Show each line of the entries below in which the word "class" appears.

*Saved data entries*
------------------------
(* Let $\mathcal{V}$ be a finely representable action with associated complete interaction $(\mathcal{V},\mathcal{H})$, and let $a\in C_0$. For any presentation $$a=\sum_{x\in F}q_{-x}+a_0+\sum_{x\in F}q_x,$$ where $F$ is a finite subset of $\Gamma^+\setminus\{0\}$, $a_0\in\mathcal{A}$, and for each $x\in F$, $q_{-x}$ (resp. $q_x$) is a quasi-monomial of negative (resp. positive) type of degree $x$, we have $\|a_0\|\le\|a\|$. In particular $a_0$ is uniquely determined by $a$.
   Context: $\mathcal{A}$ is a unital C$^*$-algebra, $\Gamma$ a totally ordered abelian group with identity $0$, $\Gamma^+=\{x\in\Gamma:0\le x\}$. An action of $\Gamma^+$ on $\mathcal{A}$ is a map $x\mapsto\mathcal{V}_x$ into the bounded positive linear maps on $\mathcal{A}$ with $\mathcal{V}_0=\mathrm{Id}$, $\mathcal{V}_x\mathcal{V}_y=\mathcal{V}_{x+y}$. A covariant representation of $\mathcal{V}$ is a triple $(C,\sigma,U)$ with $C$ a unital C$^*$-algebra, $\sigma:\mathcal{A}\to C$ a unital injective $*$-homomorphism and $U:\Gamma^+\to C$ a semigroup homomorphism with each $U_x$ a partial isometry, such that $\sigma(\mathcal{V}_x(a))=U_x\sigma(a)U_x^*$ and $U_x^*\sigma(a)U_x\in\sigma(\mathcal{A})$; $\mathcal{V}$ is finely representable if such exists. For finely representable $\mathcal{V}$ there is a unique action $\mathcal{H}$ (with $\sigma(\mathcal{H}_x(a))=U_x^*\sigma(a)U_x$ for every covariant representation) such that $(\mathcal{V},\mathcal{H})$ is a complete interaction. The crossed product $\mathcal{A}\rtimes_{(\mathcal{V},\mathcal{H})}\Gamma$ is the universal unital C$^*$-algebra generated by a copy of $\mathcal{A}$ and partial isometries $\{\hat U_x\}_{x\in\Gamma^+}$ subject to $\mathcal{V}_x(a)=\hat U_xa\hat U_x^*$, $\mathcal{H}_x(a)=\hat U_x^*a\hat U_x$, $\hat U_x\hat U_y=\hat U_{x+y}$. $C_0$ is the $*$-subalgebra generated by $\mathcal{A}$ and the $\hat U_x$. A monomial of negative (resp. positive) type is $a_1\hat U_{x_1}^*\cdots a_n\hat U_{x_n}^*$ (resp. $a_1\hat U_{x_1}\cdots a_n\hat U_{x_n}$) with $a_i\in\mathcal{A}$, $x_i\in\Gamma^+$, of degree $x_1+\dots+x_n$; a quasi-monomial of degree $x$ is a finite sum of monomials of the same type, all of degree $x$. Every element of $C_0$ admits a presentation of the displayed form. *)

theory Defs
  imports "HOL-Analysis.Analysis"
begin

text \<open>The whole type is the algebra.\<close>

class cstar = banach + real_normed_algebra_1 +
  fixes cscale :: "complex \<Rightarrow> 'a \<Rightarrow> 'a"
    and invol :: "'a \<Rightarrow> 'a"
  assumes cscale_add_left: "cscale (c + d) x = cscale c x + cscale d x"
    and cscale_add_right: "cscale c (x + y) = cscale c x + cscale c y"
    and cscale_mult: "cscale (c * d) x = cscale c (cscale d x)"
    and cscale_one: "cscale 1 x = x"
    and cscale_of_real: "cscale (complex_of_real r) x = scaleR r x"
    and norm_cscale: "norm (cscale c x) = cmod c * norm x"
    and cscale_mult_left: "cscale c (x * y) = cscale c x * y"
    and cscale_mult_right: "cscale c (x * y) = x * cscale c y"
    and invol_invol: "invol (invol x) = x"
    and invol_add: "invol (x + y) = invol x + invol y"
    and invol_mult: "invol (x * y) = invol y * invol x"
    and invol_cscale: "invol (cscale c x) = cscale (cnj c) (invol x)"
    and cstar_identity: "norm (invol x * x) = (norm x)\<^sup>2"

definition cpositive :: "'a::cstar \<Rightarrow> bool" where
  "cpositive a \<longleftrightarrow> (\<exists>b. a = invol b * b)"

definition clinear :: "('a::cstar \<Rightarrow> 'b::cstar) \<Rightarrow> bool" where
  "clinear f \<longleftrightarrow> (\<forall>x y. f (x + y) = f x + f y) \<and> (\<forall>c x. f (cscale c x) = cscale c (f x))"

definition bounded_positive_map :: "('a::cstar \<Rightarrow> 'a) \<Rightarrow> bool" where
  "bounded_positive_map f \<longleftrightarrow> clinear f \<and> (\<exists>K. \<forall>x. norm (f x) \<le> K * norm x)
      \<and> (\<forall>x. cpositive x \<longrightarrow> cpositive (f x))"

definition star_hom :: "('a::cstar \<Rightarrow> 'b::cstar) \<Rightarrow> bool" where
  "star_hom f \<longleftrightarrow> clinear f \<and> (\<forall>x y. f (x * y) = f x * f y) \<and> (\<forall>x. f (invol x) = invol (f x))"

definition unital_star_hom :: "('a::cstar \<Rightarrow> 'b::cstar) \<Rightarrow> bool" where
  "unital_star_hom f \<longleftrightarrow> star_hom f \<and> f 1 = 1"

definition partial_isometry :: "'a::cstar \<Rightarrow> bool" where
  "partial_isometry u \<longleftrightarrow> u * invol u * u = u"

text \<open>Gamma is a type of class linordered_ab_group_add; maps are only relevant on
Gamma+ = {x. 0 <= x}.\<close>

definition is_action :: "('g::linordered_ab_group_add \<Rightarrow> 'a::cstar \<Rightarrow> 'a) \<Rightarrow> bool" where
  "is_action V \<longleftrightarrow> (\<forall>x\<ge>0. bounded_positive_map (V x)) \<and> V 0 = id
      \<and> (\<forall>x\<ge>0. \<forall>y\<ge>0. V x \<circ> V y = V (x + y))"

text \<open>Covariant representation (C, sigma, U) of V, with C the C*-algebra given by the type 'c.\<close>

definition covariant_rep ::
  "('g::linordered_ab_group_add \<Rightarrow> 'a::cstar \<Rightarrow> 'a) \<Rightarrow> ('a \<Rightarrow> 'c::cstar) \<Rightarrow> ('g \<Rightarrow> 'c) \<Rightarrow> bool" where
  "covariant_rep V \<sigma> U \<longleftrightarrow> unital_star_hom \<sigma> \<and> inj \<sigma>
      \<and> (\<forall>x\<ge>0. \<forall>y\<ge>0. U (x + y) = U x * U y)
      \<and> (\<forall>x\<ge>0. partial_isometry (U x))
      \<and> (\<forall>x\<ge>0. \<forall>a. \<sigma> (V x a) = U x * \<sigma> a * invol (U x))
      \<and> (\<forall>x\<ge>0. \<forall>a. \<exists>b. invol (U x) * \<sigma> a * U x = \<sigma> b)"

text \<open>Representation of the defining relations of the crossed product
A \<rtimes>_(V,H) Gamma in the C*-algebra 'c.  The universal norm of an element of C_0 is
the supremum of its norms under all such representations.\<close>

definition cp_rep ::
  "('g::linordered_ab_group_add \<Rightarrow> 'a::cstar \<Rightarrow> 'a) \<Rightarrow> ('g \<Rightarrow> 'a \<Rightarrow> 'a) \<Rightarrow> ('a \<Rightarrow> 'c::cstar) \<Rightarrow> ('g \<Rightarrow> 'c) \<Rightarrow> bool" where
  "cp_rep V H \<rho> W \<longleftrightarrow> unital_star_hom \<rho>
      \<and> (\<forall>x\<ge>0. \<forall>y\<ge>0. W (x + y) = W x * W y)
      \<and> (\<forall>x\<ge>0. partial_isometry (W x))
      \<and> (\<forall>x\<ge>0. \<forall>a. \<rho> (V x a) = W x * \<rho> a * invol (W x))
      \<and> (\<forall>x\<ge>0. \<forall>a. \<rho> (H x a) = invol (W x) * \<rho> a * W x)"
(* Let $\Sigma$ be a finite alphabet with $|\Sigma|\ge 2$, and let $\delta$ be a uniform Hamming compatible metric on $\Sigma^*$. Then $\delta(u,v)\ge d_2(u,v)$ for all $u,v\in\Sigma^*$. In particular, $\delta(u,v)\to\infty$ as $|l(u)-l(v)|\to\infty$.
   Context: For a finite alphabet $\Sigma$, $\Sigma_n$ denotes the set of words of length $n$ over $\Sigma$, $\Sigma^*=\bigcup_{n\ge 0}\Sigma_n$ is the set of all finite words, $l(u)$ is the length of $u$, and $\varepsilon$ is the empty word. $H$ denotes the usual Hamming distance between two words of equal length (the number of positions where they differ). The truncated Hamming function is defined for arbitrary $u,v\in\Sigma^*$ as follows: if $l(u)\ge l(v)$, let $\underline{u}$ be the prefix of $u$ of length $l(v)$ and $\underline{v}=v$ (symmetrically if $l(v)\ge l(u)$), and $H(\underline{u},\underline{v})$ is the Hamming distance of these two equal-length words. All metrics are integer-valued. A metric $\delta$ on $\Sigma^*$ is Hamming compatible if $\delta(u,v)=H(u,v)$ whenever $l(u)=l(v)$. Define $d_2(u,v)=H(\underline{u},\underline{v})+\lceil |l(u)-l(v)|/2\rceil$. Two words $u,v$ of the same length $n$ are Hamming opposites if $H(u,v)=n$. For a Hamming compatible metric $\delta$ put $\gamma(u,v)=\delta(u,v)-H(\underline{u},\underline{v})$. $\delta$ is called uniform if for every $n$ and every pair of Hamming opposites $u,v\in\Sigma_n$ one has $\gamma(u,w)=\gamma(v,w)$ for all $w\in\Sigma^*$. *)

theory Defs
  imports Complex_Main
begin

definition hamming :: "'a list \<Rightarrow> 'a list \<Rightarrow> nat" where
  "hamming u v = card {i. i < length u \<and> i < length v \<and> u ! i \<noteq> v ! i}"

definition trunc_hamming :: "'a list \<Rightarrow> 'a list \<Rightarrow> nat" where
  "trunc_hamming u v =
     (let m = min (length u) (length v) in hamming (take m u) (take m v))"

definition d2 :: "'a list \<Rightarrow> 'a list \<Rightarrow> int" where
  "d2 u v = int (trunc_hamming u v)
            + \<lceil>real_of_int \<bar>int (length u) - int (length v)\<bar> / 2\<rceil>"

definition is_metric :: "('a list \<Rightarrow> 'a list \<Rightarrow> int) \<Rightarrow> bool" where
  "is_metric \<delta> \<longleftrightarrow>
     (\<forall>u v. \<delta> u v \<ge> 0) \<and>
     (\<forall>u v. \<delta> u v = 0 \<longleftrightarrow> u = v) \<and>
     (\<forall>u v. \<delta> u v = \<delta> v u) \<and>
     (\<forall>u v w. \<delta> u w \<le> \<delta> u v + \<delta> v w)"

definition hamming_compatible :: "('a list \<Rightarrow> 'a list \<Rightarrow> int) \<Rightarrow> bool" where
  "hamming_compatible \<delta> \<longleftrightarrow>
     (\<forall>u v. length u = length v \<longrightarrow> \<delta> u v = int (hamming u v))"

definition hamming_opposites :: "'a list \<Rightarrow> 'a list \<Rightarrow> bool" where
  "hamming_opposites u v \<longleftrightarrow> length u = length v \<and> hamming u v = length u"

definition gamma :: "('a list \<Rightarrow> 'a list \<Rightarrow> int) \<Rightarrow> 'a list \<Rightarrow> 'a list \<Rightarrow> int" where
  "gamma \<delta> u v = \<delta> u v - int (trunc_hamming u v)"

definition uniform :: "('a list \<Rightarrow> 'a list \<Rightarrow> int) \<Rightarrow> bool" where
  "uniform \<delta> \<longleftrightarrow>
     (\<forall>u v. hamming_opposites u v \<longrightarrow> (\<forall>w. gamma \<delta> u w = gamma \<delta> v w))"

end

theory Submission
  imports Defs
begin

(* By symmetry of delta and d2 we may assume l(v) <= l(u) = n.  Since the
   alphabet has two letters, u has a Hamming opposite w of length n which, on
   the first l(v) positions, agrees with v wherever u does not; then
   H(u|,v) + H(w|,v) = l(v).  Uniformity gives gamma(u,v) = gamma(w,v), and the
   triangle inequality through v gives
     n = delta(u,w) <= delta(u,v) + delta(w,v) = l(v) + 2 gamma(u,v),
   i.e. gamma(u,v) >= ceil((n - l(v))/2), which is exactly delta(u,v) >= d2(u,v). *)

lemma trunc_hamming_shorter:
  assumes "length v \<le> length u"
  shows "trunc_hamming u v = card {i. i < length v \<and> u ! i \<noteq> v ! i}"
proof -
  have "min (length u) (length v) = length v" using assms by simp
  then show ?thesis unfolding trunc_hamming_def hamming_def Let_def
    by (intro arg_cong[where f=card]) (auto simp: nth_take assms)
qed

text \<open>Both d2 and the truncated Hamming function are symmetric, which lets us
  assume that the first word is the longer one.\<close>
lemma trunc_hamming_sym: "trunc_hamming u v = trunc_hamming v u"
  unfolding trunc_hamming_def hamming_def Let_def
  by (simp add: min.commute conj_commute eq_commute)

lemma d2_sym: "d2 u v = d2 v u"
  unfolding d2_def by (simp add: trunc_hamming_sym abs_minus_commute)

lemma d2_ge_half_length_gap:
  "\<bar>int (length u) - int (length v)\<bar> \<le> 2 * d2 u v"
proof -
  define D where "D = \<bar>int (length u) - int (length v)\<bar>"
  define c where "c = \<lceil>real_of_int D / 2\<rceil>"
  have "real_of_int D / 2 \<le> real_of_int c"
    unfolding c_def by (rule le_of_int_ceiling)
  then have "real_of_int D \<le> real_of_int (2 * c)" by simp
  then have "D \<le> 2 * c" by (simp only: of_int_le_iff)
  then show ?thesis unfolding d2_def D_def c_def by (simp add: algebra_simps)
qed

lemma exists_other_letter:
  assumes "card (UNIV :: 'a::finite set) \<ge> 2"
  shows "\<exists>b::'a. b \<noteq> a"
proof (rule ccontr)
  assume "\<not> (\<exists>b. b \<noteq> a)"
  then have univ: "(UNIV :: 'a set) = {a}" by auto
  have "card (UNIV :: 'a set) = 1" by (simp only: univ) simp
  with assms show False by linarith
qed

definition opposite_toward :: "('a \<Rightarrow> 'a) \<Rightarrow> 'a list \<Rightarrow> 'a list \<Rightarrow> 'a list" where
  "opposite_toward f u v =
     map (\<lambda>i. if i < length v \<and> u ! i \<noteq> v ! i then v ! i else f (u ! i)) [0..<length u]"

lemma length_opposite_toward [simp]: "length (opposite_toward f u v) = length u"
  by (simp add: opposite_toward_def)

lemma nth_opposite_toward:
  "i < length u \<Longrightarrow> opposite_toward f u v ! i =
     (if i < length v \<and> u ! i \<noteq> v ! i then v ! i else f (u ! i))"
  by (simp add: opposite_toward_def)

lemma opposite_toward_opposite:
  assumes "\<And>a. f a \<noteq> a"
  shows "hamming_opposites u (opposite_toward f u v)"
proof -
  let ?w = "opposite_toward f u v"
  have "u ! i \<noteq> ?w ! i" if "i < length u" for i
    using that assms[of "u ! i"] by (auto simp: nth_opposite_toward)
  then have "{i. i < length u \<and> i < length ?w \<and> u ! i \<noteq> ?w ! i} = {..<length u}"
    by auto
  then show ?thesis unfolding hamming_opposites_def hamming_def by simp
qed

text \<open>On the positions of v, the opposite word differs from v exactly where u agrees
  with v, so the two truncated distances to v add up to l(v).\<close>
lemma opposite_toward_trunc_hamming_sum:
  assumes "\<And>a. f a \<noteq> a" and len: "length v \<le> length u"
  shows "trunc_hamming u v + trunc_hamming (opposite_toward f u v) v = length v"
proof -
  let ?w = "opposite_toward f u v"
  let ?Diff = "{i. i < length v \<and> u ! i \<noteq> v ! i}"
  let ?Same = "{i. i < length v \<and> u ! i = v ! i}"
  have "?w ! i \<noteq> v ! i \<longleftrightarrow> u ! i = v ! i" if "i < length v" for i
  proof -
    have "i < length u" using that len by simp
    then show ?thesis using that assms(1)[of "u ! i"] by (auto simp: nth_opposite_toward)
  qed
  then have "{i. i < length v \<and> ?w ! i \<noteq> v ! i} = ?Same" by auto
  then have w: "trunc_hamming ?w v = card ?Same"
    using trunc_hamming_shorter[of v ?w] len by simp
  have "card ?Diff + card ?Same = card (?Diff \<union> ?Same)"
    by (rule card_Un_disjoint[symmetric]) auto
  also have "?Diff \<union> ?Same = {..<length v}" by auto
  finally show ?thesis using w trunc_hamming_shorter[OF len] by simp
qed

text \<open>Core estimate: the triangle inequality through v, together with uniformity,
  bounds the length excess of u over v by twice gamma(u,v).\<close>
lemma length_gap_le_gamma:
  assumes met: "is_metric \<delta>" and hc: "hamming_compatible \<delta>" and un: "uniform \<delta>"
    and opp: "hamming_opposites u w"
    and trunc_sum: "trunc_hamming u v + trunc_hamming w v = length v"
  shows "int (length u) \<le> int (length v) + 2 * gamma \<delta> u v"
proof -
  have "\<delta> u w = int (length u)"
    using hc opp unfolding hamming_compatible_def hamming_opposites_def by simp
  moreover have "\<delta> u w \<le> \<delta> u v + \<delta> w v"
    using met unfolding is_metric_def by metis
  moreover have "int (trunc_hamming u v) + int (trunc_hamming w v) = int (length v)"
    using trunc_sum by (metis of_nat_add)
  moreover have "gamma \<delta> w v = gamma \<delta> u v"
    using un opp unfolding uniform_def by metis
  ultimately show ?thesis unfolding gamma_def by (smt (verit))
qed

lemma d2_le_longer_first:
  fixes \<delta> :: "('a::finite) list \<Rightarrow> 'a list \<Rightarrow> int"
  assumes card: "card (UNIV :: 'a set) \<ge> 2"
    and met: "is_metric \<delta>" and hc: "hamming_compatible \<delta>" and un: "uniform \<delta>"
    and len: "length v \<le> length u"
  shows "d2 u v \<le> \<delta> u v"
proof -
  define f where "f a = (SOME b::'a. b \<noteq> a)" for a
  have f: "f a \<noteq> a" for a
    unfolding f_def using someI_ex[OF exists_other_letter[OF card]] by blast
  have "int (length u) \<le> int (length v) + 2 * gamma \<delta> u v"
    by (rule length_gap_le_gamma[OF met hc un opposite_toward_opposite
          opposite_toward_trunc_hamming_sum[OF _ len]]) (use f in auto)
  then have "real_of_int \<bar>int (length u) - int (length v)\<bar> / 2 \<le> gamma \<delta> u v"
    using len by simp
  then have "\<lceil>real_of_int \<bar>int (length u) - int (length v)\<bar> / 2\<rceil> \<le> gamma \<delta> u v"
    by (simp add: ceiling_le_iff)
  then show ?thesis unfolding d2_def gamma_def by linarith
qed

lemma d2_le:
  fixes \<delta> :: "('a::finite) list \<Rightarrow> 'a list \<Rightarrow> int"
  assumes "card (UNIV :: 'a set) \<ge> 2"
    and met: "is_metric \<delta>" and "hamming_compatible \<delta>" and "uniform \<delta>"
  shows "d2 u v \<le> \<delta> u v"
proof (cases "length v \<le> length u")
  case True
  then show ?thesis using d2_le_longer_first assms by blast
next
  case False
  then have "d2 v u \<le> \<delta> v u" using d2_le_longer_first assms by fastforce
  moreover have "\<delta> v u = \<delta> u v" using met unfolding is_metric_def by metis
  ultimately show ?thesis by (simp add: d2_sym)
qed

theorem theorem4p9:
  fixes \<delta> :: "('a::finite) list \<Rightarrow> 'a list \<Rightarrow> int"
  assumes "card (UNIV :: 'a set) \<ge> 2"
    and "is_metric \<delta>"
    and "hamming_compatible \<delta>"
    and "uniform \<delta>"
  shows "(\<forall>u v. \<delta> u v \<ge> d2 u v) \<and>
         (\<forall>M::int. \<exists>N::nat. \<forall>u v.
            N \<le> nat \<bar>int (length u) - int (length v)\<bar> \<longrightarrow> M \<le> \<delta> u v)"
proof -
  have lower: "d2 u v \<le> \<delta> u v" for u v using d2_le[OF assms] .
  have "M \<le> \<delta> u v"
    if "nat (2 * M) \<le> nat \<bar>int (length u) - int (length v)\<bar>" for M :: int and u v :: "'a list"
    using that d2_ge_half_length_gap[of u v] lower[of u v] by linarith
  then show ?thesis using lower by blast
qed

end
------------------------
*Answer box*
class cstar = banach + real_normed_algebra_1 +
text \<open>Gamma is a type of class linordered_ab_group_add; maps are only relevant on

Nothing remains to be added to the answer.